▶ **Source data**
::::

(* Let $\Omega$ be a locally compact metrisable space and $\{\mu_n\}_{n\in\mathbb{N}}\cup\{\mu\}\subset\mathcal{M}(\Omega)$. Then $\mu_n^+\to\mu^+$ vaguely and $\mu_n^-\to\mu^-$ vaguely if and only if $\mu_n\to\mu$ vaguely and $\limsup_{n\to\infty}|\mu_n|(K)\le|\mu|(K)$ for every compact set $K\subset\Omega$.
   Context: $\Omega$ carries its Borel $\sigma$-algebra. $\mathcal{M}(\Omega)$ denotes the set of finite signed Radon measures on $\Omega$: finite signed Borel measures $\mu$ with Hahn–Jordan decomposition $\mu=\mu^+-\mu^-$ whose variation $|\mu|=\mu^++\mu^-$ satisfies $|\mu|(A)=\sup\{|\mu|(K):K\subset A,\ K\text{ compact}\}$ for all Borel $A$. Vague convergence $\nu_n\to\nu$ means $\int f\,d\nu_n\to\int f\,d\nu$ for all continuous $f:\Omega\to\mathbb{R}$ with compact support. *)

theory Defs
  imports "HOL-Analysis.Analysis"
begin

text \<open>A finite signed Borel measure on the topological space 'a, given as a
real-valued (hence finite) countably additive set function on the Borel sets.\<close>
definition signed_borel_measure :: "('a::topological_space set \<Rightarrow> real) \<Rightarrow> bool" where
  "signed_borel_measure \<mu> \<longleftrightarrow> \<mu> {} = 0 \<and>
     (\<forall>A :: nat \<Rightarrow> 'a set. range A \<subseteq> sets borel \<longrightarrow> disjoint_family A \<longrightarrow>
        (\<lambda>i. \<mu> (A i)) sums \<mu> (\<Union>i. A i))"

definition pos_part :: "('a::topological_space set \<Rightarrow> real) \<Rightarrow> 'a set \<Rightarrow> real" where
  "pos_part \<mu> A = Sup {\<mu> B | B. B \<in> sets borel \<and> B \<subseteq> A}"

definition neg_part :: "('a::topological_space set \<Rightarrow> real) \<Rightarrow> 'a set \<Rightarrow> real" where
  "neg_part \<mu> A = pos_part (\<lambda>B. - \<mu> B) A"

definition variation :: "('a::topological_space set \<Rightarrow> real) \<Rightarrow> 'a set \<Rightarrow> real" where
  "variation \<mu> A = pos_part \<mu> A + neg_part \<mu> A"

definition signed_radon_measure :: "('a::topological_space set \<Rightarrow> real) \<Rightarrow> bool" where
  "signed_radon_measure \<mu> \<longleftrightarrow> signed_borel_measure \<mu> \<and>
     (\<forall>A \<in> sets borel. variation \<mu> A = Sup {variation \<mu> K | K. compact K \<and> K \<subseteq> A})"
lemma scaled_hermite_fun_bounded:
  assumes "d \<ge> 1" "\<bar>x\<bar> \<le> sqrt (real d)"
  shows "\<bar>hermite_scale d * hermite_fun d x\<bar> \<le> 5"
proof -
  define y where "y t = hermite_scale d * hermite_fun d t" for t
  define y' where "y' t = hermite_scale d * hermite_fun_deriv d t" for t
  have energy: "y' x ^ 2 + (real d + 1/2 - x\<^sup>2 / 4) * y x ^ 2 \<le> y' 0 ^ 2 + (real d + 1/2) * y 0 ^ 2"
    unfolding y_def y'_def
    by (rule weber_energy_le_energy_at_zero)
      (auto intro!: derivative_eq_intros DERIV_hermite_fun DERIV_hermite_fun_deriv)
  have "(hermite_amplitude d)\<^sup>2 \<le> 3\<^sup>2"
    using hermite_amplitude_nonneg hermite_amplitude_le_three[OF assms(1)] by (intro power_mono)
  then have "(real d + 1/2) * (hermite_amplitude d)\<^sup>2 \<le> (real d + 1/2) * 9"
    by (intro mult_left_mono) auto
  then have energy_at_zero: "y' 0 ^ 2 + (real d + 1/2) * y 0 ^ 2 \<le> 9 * real d + 9/2"
    using scaled_hermite_energy_at_zero[OF assms(1)] unfolding y_def y'_def by simp
  have "x\<^sup>2 \<le> real d"
    using power_mono[OF assms(2) abs_ge_zero, of 2] by simp
  then have "3 * real d / 4 * y x ^ 2 \<le> (real d + 1/2 - x\<^sup>2 / 4) * y x ^ 2"
    by (intro mult_right_mono) auto
  moreover have "real d \<ge> 1"
    using assms(1) by simp
  ultimately have "real d * (3/4 * y x ^ 2) \<le> real d * 14"
    using energy energy_at_zero zero_le_power2[of "y' x"] by linarith
  then have "y x ^ 2 \<le> 5\<^sup>2"
    using assms(1) by simp
  then show ?thesis
    using abs_le_square_iff[of "y x" 5] unfolding y_def by simp
qed

definition hermite_rem_deriv :: "nat \<Rightarrow> real \<Rightarrow> real" where
  "hermite_rem_deriv d x = hermite_scale d * hermite_fun_deriv d x
    - sqrt (real d) * cos (hermite_phase d + sqrt (real d) * x)"

lemma DERIV_hermite_rem: "(hermite_rem d has_real_derivative hermite_rem_deriv d x) (at x)"
  unfolding hermite_rem_eq [abs_def] hermite_rem_deriv_def
  by (auto intro!: derivative_eq_intros DERIV_hermite_fun)

lemma DERIV_hermite_rem_deriv:
  "(hermite_rem_deriv d has_real_derivative
      - real d * hermite_rem d x + (x\<^sup>2 / 4 - 1/2) * (hermite_scale d * hermite_fun d x)) (at x)"
  unfolding hermite_rem_deriv_def [abs_def] hermite_rem_eq
  by (auto intro!: derivative_eq_intros DERIV_hermite_fun_deriv simp: algebra_simps)

lemma hermite_rem_amplitude_at_zero:
  assumes "d \<ge> 1"
  shows "sqrt ((hermite_rem_deriv d 0)\<^sup>2 / real d + (hermite_rem d 0)\<^sup>2) = \<bar>hermite_amplitude d - 1\<bar>"
proof -
  define v where "v = hermite_amplitude d"
  define \<theta> where "\<theta> = hermite_phase d"
  have "hermite_rem d 0 = (v - 1) * sin \<theta>" "hermite_rem_deriv d 0 = sqrt (real d) * ((v - 1) * cos \<theta>)"
    using hermite_at_zero[OF assms] unfolding hermite_rem_eq hermite_rem_deriv_def v_def \<theta>_def
    by (simp_all add: algebra_simps)
  then have "(hermite_rem_deriv d 0)\<^sup>2 / real d + (hermite_rem d 0)\<^sup>2
      = (v - 1)\<^sup>2 * (cos \<theta>)\<^sup>2 + (v - 1)\<^sup>2 * (sin \<theta>)\<^sup>2"
    using assms by (simp add: power_mult_distrib)
  also have "\<dots> = (v - 1)\<^sup>2"
    by (simp flip: distrib_left)
  finally show ?thesis
    unfolding v_def by simp
qed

::::

▶ **Problem description**
The lines above from the one with "derivative_eq_intros DERIV_hermite_fun DERIV_hermite_fun_deriv)" through the one with "using power_mono[OF assms(2)" are to be duplicated exactly, ends included, with nothing added.

▶ **Exercise output**
      (auto intro!: derivative_eq_intros DERIV_hermite_fun DERIV_hermite_fun_deriv)
  have "(hermite_amplitude d)\<^sup>2 \<le> 3\<^sup>2"
    using hermite_amplitude_nonneg hermite_amplitude_le_three[OF assms(1)] by (intro power_mono)
  then have "(real d + 1/2) * (hermite_amplitude d)\<^sup>2 \<le> (real d + 1/2) * 9"
    by (intro mult_left_mono) auto
  then have energy_at_zero: "y' 0 ^ 2 + (real d + 1/2) * y 0 ^ 2 \<le> 9 * real d + 9/2"
    using scaled_hermite_energy_at_zero[OF assms(1)] unfolding y_def y'_def by simp
  have "x\<^sup>2 \<le> real d"
    using power_mono[OF assms(2) abs_ge_zero, of 2] by simp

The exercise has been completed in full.